▸ **DATA RECORDS**
____________

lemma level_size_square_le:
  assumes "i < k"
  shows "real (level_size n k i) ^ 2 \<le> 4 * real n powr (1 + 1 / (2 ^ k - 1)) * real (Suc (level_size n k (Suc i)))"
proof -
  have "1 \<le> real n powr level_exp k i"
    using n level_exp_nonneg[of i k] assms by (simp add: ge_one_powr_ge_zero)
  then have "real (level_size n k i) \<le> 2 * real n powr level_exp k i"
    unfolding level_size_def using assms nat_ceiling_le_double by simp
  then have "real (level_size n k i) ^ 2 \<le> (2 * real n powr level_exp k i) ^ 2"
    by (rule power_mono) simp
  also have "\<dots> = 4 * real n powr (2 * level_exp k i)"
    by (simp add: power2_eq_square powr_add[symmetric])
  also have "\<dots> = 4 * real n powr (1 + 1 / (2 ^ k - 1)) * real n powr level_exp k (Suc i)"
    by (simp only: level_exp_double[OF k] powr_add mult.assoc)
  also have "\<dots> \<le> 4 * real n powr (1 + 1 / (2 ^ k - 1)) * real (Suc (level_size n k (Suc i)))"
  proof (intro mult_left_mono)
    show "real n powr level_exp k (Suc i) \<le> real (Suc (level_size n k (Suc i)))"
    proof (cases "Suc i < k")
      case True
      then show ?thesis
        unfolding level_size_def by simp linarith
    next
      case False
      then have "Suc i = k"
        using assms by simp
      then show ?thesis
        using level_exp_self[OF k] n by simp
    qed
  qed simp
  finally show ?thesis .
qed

____________

▸ **WORK REQUEST**
Print only these lines, please. They run from the start of the entries above to the line containing "using n level_exp_nonneg[of", both ends included, and must match exactly.

▸ **RESPONSE BOX**
lemma level_size_square_le:
  assumes "i < k"
  shows "real (level_size n k i) ^ 2 \<le> 4 * real n powr (1 + 1 / (2 ^ k - 1)) * real (Suc (level_size n k (Suc i)))"
proof -
  have "1 \<le> real n powr level_exp k i"
    using n level_exp_nonneg[of i k] assms by (simp add: ge_one_powr_ge_zero)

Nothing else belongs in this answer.